Could you write out each entry exactly as it reads?

[Records excerpted from a collection]
━━━━━━

lemma witness_value_bound:
  "witness_value c N x y \<noteq> 0 \<and>
     v (witness_value c N x y) + v (witness_value c N x y) < value_bound"
proof (cases "x * y = 0 \<or> g < v (x * y)")
  case True
  (* then c - xy has value g, and the term (c - xy)^N bounds v(F) by N*g *)
  have "witness_base c x y 0 \<noteq> 0 \<and> v (witness_base c x y 0) = g"
  proof (cases "x * y = 0")
    case False
    then have "g < v (- (x * y))" using True by (simp add: v_uminus)
    then show ?thesis
      using v_add_less[of c "- (x * y)"] c_nonzero False
      by (simp add: witness_base_def v_c)
  qed (auto simp: witness_base_def c_nonzero v_c)
  then have "witness_value c N x y \<noteq> 0" "v (witness_value c N x y) \<le> nmul N g"
    using witness_value_le_term[of 0 x y] by (simp_all add: v_witness_term)
  moreover have "nmul N g + nmul N g < value_bound"
  proof -
    have "nmul N g + nmul N g = nmul N (g + g)" by (simp add: nmul_add)
    also have "\<dots> \<le> nmul N (g + g + g)" using g_pos by (intro nmul_mono) simp
    also have "\<dots> < value_bound" unfolding value_bound_def using g_pos by (simp add: add_pos_pos)
    finally show ?thesis .
  qed
  ultimately show ?thesis by (meson add_mono le_less_trans)
next
  case False
  (* then v(x) + v(y) \<le> g, and the terms c (cx)^N and c^2 (cy)^N have distinct values
     whose sum is at most the bound *)
  then have nonzero: "x \<noteq> 0" "y \<noteq> 0" and small: "v x + v y \<le> g"
    by (auto simp: v_mult)
  let ?t = "witness_term c N x y"
  have base_nonzero: "witness_base c x y 1 \<noteq> 0" "witness_base c x y 2 \<noteq> 0"
    using nonzero c_nonzero by (simp_all add: witness_base_def)
  have F: "witness_value c N x y \<noteq> 0" "v (witness_value c N x y) \<le> v (?t 1)"
    "v (witness_value c N x y) \<le> v (?t 2)"
    using witness_value_le_term[of 1 x y] witness_value_le_term[of 2 x y] base_nonzero by auto
  have "v (?t 1) \<noteq> v (?t 2)"
    using witness_terms_distinct[of 1 2 x y] base_nonzero by (simp add: witness_term_eq_0)
  then have "v (witness_value c N x y) + v (witness_value c N x y) < v (?t 1) + v (?t 2)"
    using F by (intro double_lower_bound_less)
  also have "v (?t 1) + v (?t 2) = g + g + g + nmul N (g + g + (v x + v y))"
  proof -
    have "v (?t 1) = g + nmul N (g + v x)" "v (?t 2) = g + g + nmul N (g + v y)"
      using base_nonzero c_nonzero nonzero
      by (simp_all add: v_witness_term witness_base_def v_mult v_c)
    then show ?thesis by (simp add: nmul_add algebra_simps)
  qed
  also have "\<dots> \<le> value_bound"
    unfolding value_bound_def using small by (intro add_left_mono nmul_mono) simp
  finally show ?thesis using F(1) by simp
qed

━━━━━━

Solved problem
lemma witness_value_bound:
  "witness_value c N x y \<noteq> 0 \<and>
     v (witness_value c N x y) + v (witness_value c N x y) < value_bound"
proof (cases "x * y = 0 \<or> g < v (x * y)")
  case True
  (* then c - xy has value g, and the term (c - xy)^N bounds v(F) by N*g *)
  have "witness_base c x y 0 \<noteq> 0 \<and> v (witness_base c x y 0) = g"
  proof (cases "x * y = 0")
    case False
    then have "g < v (- (x * y))" using True by (simp add: v_uminus)
    then show ?thesis
      using v_add_less[of c "- (x * y)"] c_nonzero False
      by (simp add: witness_base_def v_c)
  qed (auto simp: witness_base_def c_nonzero v_c)
  then have "witness_value c N x y \<noteq> 0" "v (witness_value c N x y) \<le> nmul N g"
    using witness_value_le_term[of 0 x y] by (simp_all add: v_witness_term)
  moreover have "nmul N g + nmul N g < value_bound"
  proof -
    have "nmul N g + nmul N g = nmul N (g + g)" by (simp add: nmul_add)
    also have "\<dots> \<le> nmul N (g + g + g)" using g_pos by (intro nmul_mono) simp
    also have "\<dots> < value_bound" unfolding value_bound_def using g_pos by (simp add: add_pos_pos)
    finally show ?thesis .
  qed
  ultimately show ?thesis by (meson add_mono le_less_trans)
next
  case False
  (* then v(x) + v(y) \<le> g, and the terms c (cx)^N and c^2 (cy)^N have distinct values
     whose sum is at most the bound *)
  then have nonzero: "x \<noteq> 0" "y \<noteq> 0" and small: "v x + v y \<le> g"
    by (auto simp: v_mult)
  let ?t = "witness_term c N x y"
  have base_nonzero: "witness_base c x y 1 \<noteq> 0" "witness_base c x y 2 \<noteq> 0"
    using nonzero c_nonzero by (simp_all add: witness_base_def)
  have F: "witness_value c N x y \<noteq> 0" "v (witness_value c N x y) \<le> v (?t 1)"
    "v (witness_value c N x y) \<le> v (?t 2)"
    using witness_value_le_term[of 1 x y] witness_value_le_term[of 2 x y] base_nonzero by auto
  have "v (?t 1) \<noteq> v (?t 2)"
    using witness_terms_distinct[of 1 2 x y] base_nonzero by (simp add: witness_term_eq_0)
  then have "v (witness_value c N x y) + v (witness_value c N x y) < v (?t 1) + v (?t 2)"
    using F by (intro double_lower_bound_less)
  also have "v (?t 1) + v (?t 2) = g + g + g + nmul N (g + g + (v x + v y))"
  proof -
    have "v (?t 1) = g + nmul N (g + v x)" "v (?t 2) = g + g + nmul N (g + v y)"
      using base_nonzero c_nonzero nonzero
      by (simp_all add: v_witness_term witness_base_def v_mult v_c)
    then show ?thesis by (simp add: nmul_add algebra_simps)
  qed
  also have "\<dots> \<le> value_bound"
    unfolding value_bound_def using small by (intro add_left_mono nmul_mono) simp
  finally show ?thesis using F(1) by simp
qed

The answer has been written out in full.